Something happens to the company – like the addition of strategic investor Ryan Cohen – and attracts enthusiasm from 10 new, excited buyers... And they come in and bid up the stock. This new buying sends the stock up 10%.
That kind of movement in a stock garners much attention. Other investors see it and do a little digging. They see the new high-profile shareholder and may or may not know what that means – or think it's positive – but the stock clearly reacted positively... so it must be good, right?
So, the next group of 10 buyers comes in and bids the stock up further. It goes up another 10%.
The stock is now up 20% in two days. That's a massive move... And it attracts even more attention.
Again, these buyers may or may not have an opinion on the "news," but they see the stock's momentum. The higher prices generate more interest and attract more participants.
Think of these investors as "fair-weather fans." If you see a team on a big winning streak – even if you don't know much about the team and the players – it's tempting to root for it.
Remember, this is all about positive dopamine hits driving our animal brains. Winning and making money is one of the most potent hits out there.
This pattern continues and builds upon itself. The more the stock goes up, the more buyers looking to "play a winner" get involved... And the stock goes even higher.
At some point, though, this activity exhausts itself. It always happens.
There could be a catalyst for the exhaustion. For example, we recently saw media company ViacomCBS (VIAC) announce a big stock offering after one of these massive momentum moves. (Editor’s Note - VIAC eventually relisted and is now Paramount Global (NASDAQ: PARA))
In this case, the company issued so much stock that even though there were incremental buyers based on the momentum, there was way more stock than these buyers wanted to own.

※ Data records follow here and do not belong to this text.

(* Let $G$ be a graph with a linear order $<$ on $V(G)$ satisfying the X-property, let $s<t$ be vertices with $d^*:=\operatorname{dist}(s,t)<\infty$, and let $d$ be an integer. Each of the following conditions implies $d^*\le d$: (i) $\beta_s(\sigma)=\beta_t(\tau)$ for some nonnegative integers $\sigma,\tau$ with $\sigma+\tau=d$; (ii) $G$ contains an edge between $\alpha_s(\sigma)$ and $\alpha_t(\tau)$ for some nonnegative integers $\sigma,\tau$ with $\sigma+\tau=d-1$; (iii) there are nonnegative integers $\sigma,\tau$ with $\sigma+\tau=d-3$ and vertices $v\in\{\alpha_s(\sigma),\beta_s(\sigma)\}$, $w\in\{\alpha_t(\tau),\beta_t(\tau)\}$ with $v<w$, $\operatorname{rhorizon}(v)\ge t$ and $\operatorname{lhorizon}(w)\le s$.
   Context: The X-property: for all vertices $p<q<r<s$, if $\{p,r\}\in E(G)$ and $\{q,s\}\in E(G)$ then $\{p,s\}\in E(G)$. $N[v]$ is the closed neighborhood; $\operatorname{lhorizon}(v):=\min N[v]$ and $\operatorname{rhorizon}(v):=\max N[v]$ w.r.t. $<$. For an integer $k\ge 0$: $\alpha_s(k)$ (resp. $\beta_s(k)$) is the leftmost (resp. rightmost) vertex reachable from $s$ by a path of length at most $k$ using only vertices $v\le t$; $\alpha_t(k)$ (resp. $\beta_t(k)$) is the rightmost (resp. leftmost) vertex reachable from $t$ by a path of length at most $k$ using only vertices $v\ge s$. *)

theory Defs
  imports Main
begin

definition simple_graph :: "'a set \<Rightarrow> ('a \<Rightarrow> 'a \<Rightarrow> bool) \<Rightarrow> bool" where
  "simple_graph V E \<longleftrightarrow> finite V \<and> (\<forall>u v. E u v \<longrightarrow> u \<in> V \<and> v \<in> V)
     \<and> (\<forall>u v. E u v \<longrightarrow> E v u) \<and> (\<forall>v. \<not> E v v)"

definition X_property :: "'a::linorder set \<Rightarrow> ('a \<Rightarrow> 'a \<Rightarrow> bool) \<Rightarrow> bool" where
  "X_property V E \<longleftrightarrow> (\<forall>p\<in>V. \<forall>q\<in>V. \<forall>r\<in>V. \<forall>s\<in>V.
      p < q \<and> q < r \<and> r < s \<and> E p r \<and> E q s \<longrightarrow> E p s)"

text \<open>A path (as a list of distinct vertices) all of whose vertices lie in S;
  its length is the number of edges, i.e. length xs - 1.\<close>
definition path_in :: "('a \<Rightarrow> 'a \<Rightarrow> bool) \<Rightarrow> 'a set \<Rightarrow> 'a list \<Rightarrow> bool" where
  "path_in E S xs \<longleftrightarrow> xs \<noteq> [] \<and> distinct xs \<and> set xs \<subseteq> S
     \<and> (\<forall>i. Suc i < length xs \<longrightarrow> E (xs ! i) (xs ! Suc i))"

definition reach_le :: "('a \<Rightarrow> 'a \<Rightarrow> bool) \<Rightarrow> 'a set \<Rightarrow> nat \<Rightarrow> 'a \<Rightarrow> 'a \<Rightarrow> bool" where
  "reach_le E S k x y \<longleftrightarrow> (\<exists>xs. path_in E S xs \<and> hd xs = x \<and> last xs = y \<and> length xs \<le> Suc k)"

definition gdist :: "'a set \<Rightarrow> ('a \<Rightarrow> 'a \<Rightarrow> bool) \<Rightarrow> 'a \<Rightarrow> 'a \<Rightarrow> nat" where
  "gdist V E x y = (LEAST k. reach_le E V k x y)"

definition connected_pair :: "'a set \<Rightarrow> ('a \<Rightarrow> 'a \<Rightarrow> bool) \<Rightarrow> 'a \<Rightarrow> 'a \<Rightarrow> bool" where
  "connected_pair V E x y \<longleftrightarrow> (\<exists>k. reach_le E V k x y)"

definition lhorizon :: "'a::linorder set \<Rightarrow> ('a \<Rightarrow> 'a \<Rightarrow> bool) \<Rightarrow> 'a \<Rightarrow> 'a" where
  "lhorizon V E v = Min ({v} \<union> {u \<in> V. E v u})"

definition rhorizon :: "'a::linorder set \<Rightarrow> ('a \<Rightarrow> 'a \<Rightarrow> bool) \<Rightarrow> 'a \<Rightarrow> 'a" where
  "rhorizon V E v = Max ({v} \<union> {u \<in> V. E v u})"

definition alpha_s :: "'a::linorder set \<Rightarrow> ('a \<Rightarrow> 'a \<Rightarrow> bool) \<Rightarrow> 'a \<Rightarrow> 'a \<Rightarrow> nat \<Rightarrow> 'a" where
  "alpha_s V E s t k = Min {v. reach_le E {u \<in> V. u \<le> t} k s v}"

definition beta_s :: "'a::linorder set \<Rightarrow> ('a \<Rightarrow> 'a \<Rightarrow> bool) \<Rightarrow> 'a \<Rightarrow> 'a \<Rightarrow> nat \<Rightarrow> 'a" where
  "beta_s V E s t k = Max {v. reach_le E {u \<in> V. u \<le> t} k s v}"

definition alpha_t :: "'a::linorder set \<Rightarrow> ('a \<Rightarrow> 'a \<Rightarrow> bool) \<Rightarrow> 'a \<Rightarrow> 'a \<Rightarrow> nat \<Rightarrow> 'a" where
  "alpha_t V E s t k = Max {v. reach_le E {u \<in> V. s \<le> u} k t v}"

definition beta_t :: "'a::linorder set \<Rightarrow> ('a \<Rightarrow> 'a \<Rightarrow> bool) \<Rightarrow> 'a \<Rightarrow> 'a \<Rightarrow> nat \<Rightarrow> 'a" where
  "beta_t V E s t k = Min {v. reach_le E {u \<in> V. s \<le> u} k t v}"

end

theory Submission
  imports Defs
begin

text \<open>Each condition yields a walk from \<open>s\<close> to \<open>t\<close> of length at most \<open>d\<close>, and walks
  shorten to paths. For (i) and (ii) the walk is read off directly. For (iii), one more step
  turns the walk from \<open>s\<close> to \<open>v\<close> into a walk ending right of \<open>t\<close>, and the walk from \<open>t\<close>
  to \<open>w\<close> into one ending left of \<open>s\<close>. By the X-property, two walks crossing \<open>[s, t]\<close> in
  opposite directions share a vertex or are joined by an edge, which gives a walk of length
  \<open>\<sigma> + \<tau> + 3\<close>.\<close>

definition walk :: "('a \<Rightarrow> 'a \<Rightarrow> bool) \<Rightarrow> 'a set \<Rightarrow> 'a list \<Rightarrow> bool" where
  "walk E S xs \<longleftrightarrow> xs \<noteq> [] \<and> set xs \<subseteq> S \<and> successively E xs"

At that point, VIAC shares dropped.
This is the most essential point in understanding a momentum stock. Once we break the cycle of going up every day (or consistently) and going up a lot, the enthusiasm of the buyers wanes.

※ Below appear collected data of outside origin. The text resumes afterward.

lemma circle_homeomorphism_of_interval_bij:
  fixes f :: "real \<Rightarrow> real"
  assumes cont: "continuous_on {0..1} f" and "f 0 = 0" "f 1 = 1"
    and bij: "bij_betw f {0..<1} {0..<1}"
  shows "\<exists>\<phi> \<psi>. homeomorphism (sphere (0::complex) 1) (sphere 0 1) \<phi> \<psi> \<and>
           (\<forall>t\<in>{0..<1}. \<phi> (cis (2 * pi * t)) = cis (2 * pi * f t))"
proof -
  txt \<open>\<open>p\<close> is a quotient map from \<open>[0,1]\<close> onto the circle, through which \<open>\<phi> \<circ> p = p \<circ> f\<close>
    is continuous; a continuous bijection of the compact circle is a homeomorphism.\<close>
  define p :: "real \<Rightarrow> complex" where "p t = cis (2 * pi * t)" for t
  have p_bij: "bij_betw p {0..<1} (sphere 0 1)"
    using bij_betw_cis_sphere unfolding p_def .
  have p_cont: "continuous_on A p" for A
    unfolding p_def by (intro continuous_intros)
  have p_1: "p 1 = p 0"
    by (simp add: p_def)
  define \<phi> where "\<phi> z = p (f (inv_into {0..<1} p z))" for z
  have \<phi>_p: "\<phi> (p t) = p (f t)" if "t \<in> {0..1}" for t
  proof (cases "t = 1")
    case True
    then show ?thesis
      using p_bij p_1 \<open>f 0 = 0\<close> \<open>f 1 = 1\<close> unfolding \<phi>_def
      by (simp add: bij_betw_def inv_into_f_f)
  next
    case False
    then show ?thesis
      using that p_bij unfolding \<phi>_def by (simp add: bij_betw_def inv_into_f_f)
  qed
  have p_image: "p ` {0..1} = sphere 0 1"
  proof -
    have "{0..1} = insert 1 {0..<1::real}" by auto
    then have "p ` {0..1} = insert (p 0) (p ` {0..<1})"
      using p_1 by simp
    moreover have "p 0 \<in> sphere 0 1"
      by (simp add: p_def)
    ultimately show ?thesis
      using p_bij by (simp add: bij_betw_def insert_absorb)
  qed
  have quotient: "quotient_map (top_of_set {0..1}) (top_of_set (sphere 0 1)) p"
  proof (rule continuous_imp_quotient_map)
    show "continuous_map (top_of_set {0..1}) (top_of_set (sphere 0 1)) p"
      using p_image p_cont by (auto simp: continuous_map_in_subtopology)
  qed (simp_all add: p_image compact_space_subtopology Hausdorff_space_subtopology)
  have "continuous_on {0..1} (\<phi> \<circ> p)"
  proof -
    have "continuous_on {0..1} (p \<circ> f)"
      using cont p_cont by (rule continuous_on_compose)
    then show ?thesis
      by (rule continuous_on_cong[THEN iffD1, rotated -1]) (auto simp: \<phi>_p)
  qed
  then have "continuous_map (top_of_set {0..1}) euclidean (\<phi> \<circ> p)"
    by simp
  from continuous_compose_quotient_map[OF quotient this]
  have "continuous_on (sphere 0 1) \<phi>"
    by simp
  moreover have "bij_betw \<phi> (sphere 0 1) (sphere 0 1)"
  proof -
    have "bij_betw (p \<circ> f \<circ> inv_into {0..<1} p) (sphere 0 1) (sphere 0 1)"
      using bij_betw_inv_into[OF p_bij] bij p_bij by (intro bij_betw_trans)
    then show ?thesis
      unfolding \<phi>_def comp_def .
  qed
  ultimately obtain \<psi> where "homeomorphism (sphere (0::complex) 1) (sphere 0 1) \<phi> \<psi>"
    using homeomorphism_compact[OF compact_sphere] by (metis bij_betw_def)
  moreover have "\<forall>t\<in>{0..<1}. \<phi> (cis (2 * pi * t)) = cis (2 * pi * f t)"
    using \<phi>_p unfolding p_def by simp
  ultimately show ?thesis by blast
qed

section \<open>Elements of the Higman--Thompson groups\<close>

lemma dadic_of_int: "dadic d (of_int z)"
  unfolding dadic_def by (rule exI[of _ z], rule exI[of _ 0]) simp

lemma dadic_divide: "dadic d x \<Longrightarrow> dadic d (x / real d)"
  unfolding dadic_def by (metis divide_divide_eq_left power_Suc2)

lemma dadic_uminus: "dadic d x \<Longrightarrow> dadic d (- x)"
  unfolding dadic_def by (metis minus_divide_left of_int_minus)

lemma dadic_add:
  assumes "0 < d" "dadic d x" "dadic d y"
  shows "dadic d (x + y)"
proof -
  obtain a m b n where x: "x = of_int a / real d ^ m" and y: "y = of_int b / real d ^ n"
    using assms(2,3) unfolding dadic_def by blast
  have "x + y = of_int (a * int d ^ n + b * int d ^ m) / real d ^ (m + n)"
    using assms(1) unfolding x y by (simp add: field_simps power_add)
  then show ?thesis
    unfolding dadic_def by blast
qed

lemma dadic_diff: "0 < d \<Longrightarrow> dadic d x \<Longrightarrow> dadic d y \<Longrightarrow> dadic d (x - y)"
  using dadic_add[of d x "- y"] dadic_uminus by simp

lemma HT_V_memI:
  assumes "bij_betw f {0..<1} {0..<1}" "\<And>x. x \<notin> {0..<1} \<Longrightarrow> f x = x"
    and "ps \<noteq> []" "hd ps = 0" "last ps = 1" "sorted_wrt (<) ps" "\<forall>x\<in>set ps. dadic d x"
    and affine: "\<And>i. Suc i < length ps \<Longrightarrow>
      \<exists>k c. \<forall>t\<in>{ps ! i..<ps ! Suc i}. f t = real d powi k * t + c"
  shows "f \<in> HT_V d"
  unfolding HT_V_def
proof (intro CollectI conjI exI[of _ "length ps - 1"] exI[of _ "(!) ps"] allI impI)
  show "ps ! 0 = 0" "ps ! (length ps - 1) = 1"
    using assms(3-5) by (simp_all add: hd_conv_nth last_conv_nth)
  show "dadic d (ps ! i)" if "i \<le> length ps - 1" for i
  proof -
    have "i < length ps"
      using assms(3) that by (cases ps) auto
    then show ?thesis
      using assms(7) nth_mem by blast
  qed
  show "ps ! i < ps ! Suc i" if "i < length ps - 1" for i
    using assms(6) that by (simp add: sorted_wrt_iff_nth_less)
  show "\<exists>k c. \<forall>t\<in>{ps ! i..<ps ! Suc i}. f t = real d powi k * t + c" if "i < length ps - 1" for i
    using affine that by simp
qed (use assms(1,2) in auto)

lemma HT_T_memI:
  assumes "f \<in> HT_V d" "continuous_on {0..1} f" "f 0 = 0"
  shows "f \<in> HT_T d"
proof -
  have "bij_betw f {0..<1} {0..<1}" "f 1 = 1"
    using assms(1) unfolding HT_V_def by auto
  then show ?thesis
    using assms circle_homeomorphism_of_interval_bij unfolding HT_T_def by blast
qed

lemma strict_mono_vimage_atLeastLessThan:
  fixes f :: "'a::linorder \<Rightarrow> 'b::linorder"
  assumes "strict_mono f"
  shows "f -` {f x..<f y} = {x..<y}"
  using assms by (auto simp: strict_mono_less_eq strict_mono_less)

lemma strict_mono_bij_betw_unit_interval:
  fixes f :: "real \<Rightarrow> real"
  assumes "strict_mono f" "continuous_on {0..1} f" "f 0 = 0" "f 1 = 1"
  shows "bij_betw f {0..<1} {0..<1}"
proof (rule bij_betw_imageI)
  show "inj_on f {0..<1}"
    using assms(1) by (rule strict_mono_imp_inj_on)
  show "f ` {0..<1} = {0..<1}"
  proof
    have "f 0 \<le> f x \<and> f x < f 1" if "x \<in> {0..<1}" for x
      using that strict_mono_less_eq[OF assms(1)] strict_mono_less[OF assms(1)] by simp
    then show "f ` {0..<1} \<subseteq> {0..<1}"
      using assms(3,4) by auto
    show "{0..<1} \<subseteq> f ` {0..<1}"
    proof
      fix y :: real
      assume "y \<in> {0..<1}"
      then obtain x where "0 \<le> x" "x \<le> 1" "f x = y"
        using IVT'[of f 0 y 1] assms(2-4) by auto
      moreover have "x \<noteq> 1"
        using \<open>f x = y\<close> \<open>y \<in> {0..<1}\<close> assms(4) by auto
      ultimately show "y \<in> f ` {0..<1}"
        by force
    qed
  qed
qed

text \<open>Slope \<open>1/D\<close> on \<open>[0,a]\<close>, slope \<open>D\<close> on \<open>[a, a + a/D]\<close>, the identity elsewhere.\<close>

definition squeeze :: "real \<Rightarrow> real \<Rightarrow> real \<Rightarrow> real" where
  "squeeze D a x = min x (max (x / D) (D * (x - a) + a / D))"

context
  fixes D a :: real
  assumes D: "1 < D" and a: "0 < a"
begin

lemma squeeze_strict_mono: "strict_mono (squeeze D a)"
proof (rule strict_monoI)
  fix x y :: real
  assume "x < y"
  moreover have "x / D < y / D" "D * (x - a) < D * (y - a)"
    using \<open>x < y\<close> D by (simp_all add: divide_strict_right_mono)
  ultimately show "squeeze D a x < squeeze D a y"
    unfolding squeeze_def by linarith
qed

lemma squeeze_continuous: "continuous_on A (squeeze D a)"
  unfolding squeeze_def using D by (intro continuous_intros) auto

lemma squeeze_eq_contract:
  assumes "0 \<le> x" "x \<le> a"
  shows "squeeze D a x = x / D"
proof -
  have "D * (x - a) + a / D - x / D = (x - a) * (D - 1 / D)"
    using D by (simp add: field_simps)
  moreover have "0 < D - 1 / D"
    using less_1_mult[OF D D] D by (simp add: field_simps)
  moreover have "(x - a) * (D - 1 / D) \<le> 0"
    using assms(2) \<open>0 < D - 1 / D\<close> by (intro mult_nonpos_nonneg) auto
  ultimately have "D * (x - a) + a / D \<le> x / D"
    by linarith
  moreover have "x / D \<le> x"
    using mult_left_mono[of 1 D x] assms(1) D by (simp add: divide_le_eq)
  ultimately show ?thesis
    unfolding squeeze_def by simp
qed

lemma squeeze_eq_expand:
  assumes "a \<le> x" "x \<le> a + a / D"
  shows "squeeze D a x = D * (x - a) + a / D"
proof -
  have "D * (x - a) + a / D - x / D = (x - a) * (D - 1 / D)"
    using D by (simp add: field_simps)
  moreover have "0 < D - 1 / D"
    using less_1_mult[OF D D] D by (simp add: field_simps)
  moreover have "0 \<le> (x - a) * (D - 1 / D)"
    using assms(1) \<open>0 < D - 1 / D\<close> by simp
  ultimately have "x / D \<le> D * (x - a) + a / D"
    by linarith
  have "D * (x - a) + a / D - x = (D - 1) * (x - (a + a / D))"
    using D by (simp add: field_simps)
  moreover have "(D - 1) * (x - (a + a / D)) \<le> 0"
    using assms(2) D by (intro mult_nonneg_nonpos) auto
  ultimately have "D * (x - a) + a / D \<le> x"
    by linarith
  with \<open>x / D \<le> D * (x - a) + a / D\<close> show ?thesis
    unfolding squeeze_def by simp
qed

lemma squeeze_eq_self:
  assumes "x \<le> 0 \<or> a + a / D \<le> x"
  shows "squeeze D a x = x"
  using assms
proof
  assume "x \<le> 0"
  then have "x \<le> x / D"
    using mult_left_mono_neg[of 1 D x] D by (simp add: le_divide_eq)
  then show ?thesis
    unfolding squeeze_def by simp
next
  assume "a + a / D \<le> x"
  moreover have "D * (x - a) + a / D - x = (D - 1) * (x - (a + a / D))"
    using D by (simp add: field_simps)
  moreover have "0 \<le> (D - 1) * (x - (a + a / D))"
    using \<open>a + a / D \<le> x\<close> D by simp
  ultimately have "x \<le> D * (x - a) + a / D"
    by linarith
  then show ?thesis
    unfolding squeeze_def by simp
qed

lemma squeeze_vimage: "squeeze D a -` {0..<a / D} = {0..<a}"
  using strict_mono_vimage_atLeastLessThan[OF squeeze_strict_mono, of 0 a]
    squeeze_eq_self[of 0] squeeze_eq_contract[of a] a by simp

end

lemma squeeze_in_HT_V:
  assumes "2 \<le> d" "dadic d a" "0 < a" "a + a / real d < 1"
  shows "squeeze (real d) a \<in> HT_V d"
proof -
  have D: "1 < real d"
    using assms(1) by simp
  have "squeeze (real d) a x = x" if "x \<notin> {0..<1}" for x
    using that assms(4) by (intro squeeze_eq_self[OF D assms(3)]) auto
  moreover have "bij_betw (squeeze (real d) a) {0..<1} {0..<1}"
  proof (rule strict_mono_bij_betw_unit_interval)
    show "squeeze (real d) a 0 = 0" "squeeze (real d) a 1 = 1"
      using assms(4) squeeze_eq_self[OF D assms(3)] by auto
  qed (rule squeeze_strict_mono[OF D assms(3)] squeeze_continuous[OF D assms(3)])+
  moreover have "\<forall>x\<in>set [0, a, a + a / real d, 1]. dadic d x"
    using assms(1,2) dadic_of_int[of d 0] dadic_of_int[of d 1]
    by (auto intro!: dadic_add dadic_divide)
  moreover have "\<exists>k c. \<forall>t\<in>{[0, a, a + a / real d, 1] ! i..<[0, a, a + a / real d, 1] ! Suc i}.
      squeeze (real d) a t = real d powi k * t + c" if "i < 3" for i
  proof -
    consider "i = 0" | "i = 1" | "i = 2"
      using \<open>i < 3\<close> by linarith
    then show ?thesis
    proof cases
      case 1
      have "\<forall>t\<in>{0..<a}. squeeze (real d) a t = real d powi (-1) * t + 0"
        using squeeze_eq_contract[OF D assms(3)] by (auto simp: power_int_minus divide_inverse mult.commute)
      then show ?thesis
        unfolding 1 by (simp only: nth_Cons_0 nth_Cons_Suc numeral_nat) blast
    next
      case 2
      have "\<forall>t\<in>{a..<a + a / real d}. squeeze (real d) a t = real d powi 1 * t + (a / real d - real d * a)"
        using squeeze_eq_expand[OF D assms(3)] by (auto simp: algebra_simps)
      then show ?thesis
        unfolding 2 by (simp only: nth_Cons_0 nth_Cons_Suc numeral_nat) blast
    next
      case 3
      have "\<forall>t\<in>{a + a / real d..<1}. squeeze (real d) a t = real d powi 0 * t + 0"
        using squeeze_eq_self[OF D assms(3)] by auto
      then show ?thesis
        unfolding 3 by (simp only: nth_Cons_0 nth_Cons_Suc numeral_nat) blast
    qed
  qed
  moreover have "0 < a / real d"
    using assms(1,3) by simp
  ultimately show ?thesis
    using assms(3,4) by (intro HT_V_memI[where ps = "[0, a, a + a / real d, 1]"]) auto
qed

Also, remember they were only there for one reason: The stock was going up.
Once the stock stops increasing, they no longer have a reason to be there. So what do they do? They pound the "sell" button.
At that point, selling begets selling.
All of these recent buyers quickly move from "greed" to "fear" and "panic" and run for the exits.
This is why we say momentum stocks never correct by consolidating or going sideways... They always go down.
What was the last “momentum” stock you participated in? Did you make or lose money? Let us know in the comment section below.
So, how do you handle these kinds of situations?
Remember one of the rules for trading "stonks" from yesterday... If you quickly make 100% or more in a position, consider selling 50% to 60%. That way, you lock in your original capital and a profit and can let the rest of the position ride.
If you own one of these momentum stocks, sell it all once you see it go down at least 20% or down across any three days.
That likely means the momentum cycle has broken. And while the stock may bounce back, remember there's symmetry to markets. Stocks that quickly go up a lot also promptly go down a lot.
This concept of stock prices driving stock prices isn't widely understood... But understanding it can make you a much better trader in these potentially profitable situations.